—Appeal by the de*594fendant from a judgment of the Supreme Court, Queens County (Fisher, J.), rendered July 30, 1996, convicting him of criminal sale of a controlled substance in the third degree, upon a jury verdict, and imposing sentence.
Ordered that the judgment is reversed, on the law, and a new trial is ordered.

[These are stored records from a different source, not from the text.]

text \<open>The gradient g and Hessian H of f are given
explicitly; they are uniquely determined by the derivative conditions.
The norm on real^'n^'n is the Euclidean norm of all entries, i.e. the
Frobenius norm.\<close>

definition S2_class ::
  "real \<Rightarrow> real \<Rightarrow> (real^'n \<Rightarrow> real) \<Rightarrow> (real^'n \<Rightarrow> real^'n)
   \<Rightarrow> (real^'n \<Rightarrow> real^'n^'n) \<Rightarrow> bool" where
  "S2_class mu L f g H \<longleftrightarrow>
     (\<forall>x. (f has_derivative (\<lambda>h. g x \<bullet> h)) (at x)) \<and>
     (\<forall>x. (g has_derivative (\<lambda>h. H x *v h)) (at x)) \<and>
     (\<forall>x y. f y \<ge> f x + g x \<bullet> (y - x) + mu / 2 * (norm (y - x))\<^sup>2) \<and>
     (\<forall>x y. norm (g x - g y) \<le> L * norm (x - y)) \<and>
     (\<exists>L'>0. \<forall>x y. norm (H x - H y) \<le> L' * norm (x - y))"

end

theory Submission
  imports Defs
begin

(* Along the trajectory consider the Lyapunov function
     E = c (f(X) - f(xs)) + |X'|^2/4 + |X' + 2 sqrt mu (X - xs) + beta sqrt s grad f(X)|^2/4,
   with c = 1 + sqrt (mu s). Substituting the ODE, E' becomes
     - sqrt mu |X'|^2 - (beta sqrt s/2) <Hess f(X) X', X'> - c sqrt mu <grad f(X), X - xs>
     - (c beta sqrt s/2) |grad f(X)|^2,
   and strong convexity bounds every part of E by these terms, so E' <= -(sqrt mu/4) E and
   E(t) <= E(0) exp(-sqrt mu t/4). At t = 0 the prescribed velocity, L-smoothness and s <= 1/L
   give E(0) <= c (3 + (2 - beta)^2)/(2 s) |x0 - xs|^2, and f(X) - f(xs) <= E/c. *)

lemma strongly_convex_gradient_monotone:
  fixes f :: "'a::real_inner \<Rightarrow> real"
  assumes "\<forall>x y. f y \<ge> f x + g x \<bullet> (y - x) + mu / 2 * (norm (y - x))\<^sup>2"
  shows "(g x - g y) \<bullet> (x - y) \<ge> mu * (norm (x - y))\<^sup>2"
proof -
  have "f y \<ge> f x - g x \<bullet> (x - y) + mu / 2 * (norm (x - y))\<^sup>2"
    using assms[rule_format, of x y] by (simp add: norm_minus_commute inner_diff_right)
  moreover have "f x \<ge> f y + g y \<bullet> (x - y) + mu / 2 * (norm (x - y))\<^sup>2"
    using assms by blast
  ultimately show ?thesis by (simp add: inner_diff_left)
qed

lemma gradient_eq_0_at_minimum:
  fixes f :: "'a::real_inner \<Rightarrow> real"
  assumes "(f has_derivative (\<lambda>h. g \<bullet> h)) (at x)" and "\<forall>y. f x \<le> f y"
  shows "g = 0"
proof -
  have "(\<lambda>h. g \<bullet> h) = (\<lambda>h. 0)"
    using differential_zero_maxmin[of x UNIV f] assms by auto
  then show ?thesis by (metis inner_eq_zero_iff)
qed

lemma monotone_derivative_nonneg:
  fixes g :: "'a::real_inner \<Rightarrow> 'a"
  assumes deriv: "(g has_derivative g') (at x)"
    and mono: "\<forall>x y. (g x - g y) \<bullet> (x - y) \<ge> 0"
  shows "g' v \<bullet> v \<ge> 0"
proof (rule ccontr)
  assume "\<not> g' v \<bullet> v \<ge> 0"
  have "((\<lambda>h. x + h *\<^sub>R v) has_derivative (\<lambda>h. h *\<^sub>R v)) (at 0)"
    by (auto intro!: derivative_eq_intros)
  from has_derivative_inner_left[OF has_derivative_compose[OF this, simplified, OF deriv]]
  have "((\<lambda>h. g (x + h *\<^sub>R v) \<bullet> v) has_derivative (\<lambda>h. g' (h *\<^sub>R v) \<bullet> v)) (at 0)" .
  moreover have "(\<lambda>h. g' (h *\<^sub>R v) \<bullet> v) = (*) (g' v \<bullet> v)"
    by (auto simp: linear_cmul[OF has_derivative_linear[OF deriv]])
  ultimately have "((\<lambda>h. g (x + h *\<^sub>R v) \<bullet> v) has_real_derivative g' v \<bullet> v) (at 0)"
    by (simp add: has_field_derivative_def)
  from DERIV_neg_dec_right[OF this] \<open>\<not> g' v \<bullet> v \<ge> 0\<close> obtain d where "d > 0"
    and d: "\<And>h. 0 < h \<Longrightarrow> h < d \<Longrightarrow> g (x + h *\<^sub>R v) \<bullet> v < g x \<bullet> v"
    by auto
  have "0 \<le> (g (x + (d/2) *\<^sub>R v) - g x) \<bullet> ((d/2) *\<^sub>R v)"
    using mono by (metis add_diff_cancel_left')
  also have "\<dots> = d/2 * ((g (x + (d/2) *\<^sub>R v) - g x) \<bullet> v)" by simp
  also have "\<dots> < 0"
    using d[of "d/2"] \<open>d > 0\<close> by (simp add: mult_pos_neg inner_diff_left)
  finally show False by simp
qed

The defendant contends that he was denied his right to a public trial (see, US Const 6th Amend; Civil Rights Law § 12; Judiciary Law § 4; People v Jones, 47 NY2d 409, cert denied 444 US 946) because the Supreme Court excluded his sister from the courtroom during the testimony of an undercover officer. We agree. During the Hinton hearing (see, People v Hinton, 31 NY2d 71, cert denied 410 US 911), the defendant objected to the exclusion of his sister. When a defendant seeks to limit closure of the courtroom to permit the attendance of certain individuals, the People must present evidence that those individuals threaten the safety of the witness (see, People v Nieves, 90 NY2d 426; People v Gutierez, 86 NY2d 817; People v Kin Kan, 78 NY2d 54; People v Scott, 237 AD2d 544; People v Gayle, 237 AD2d 532; People v Johnson, 222 AD2d 456). Although the undercover officer would be immediately returning to the area in which the defendant was arrested and in which the defendant’s sister resided, nothing in the record demonstrates, and the Supreme Court did not find, that the defendant’s sister posed a threat to the officer. Therefore, the defendant is entitled to a new trial. Bracken, J. P., Copertino, McGinity and Luciano, JJ., concur.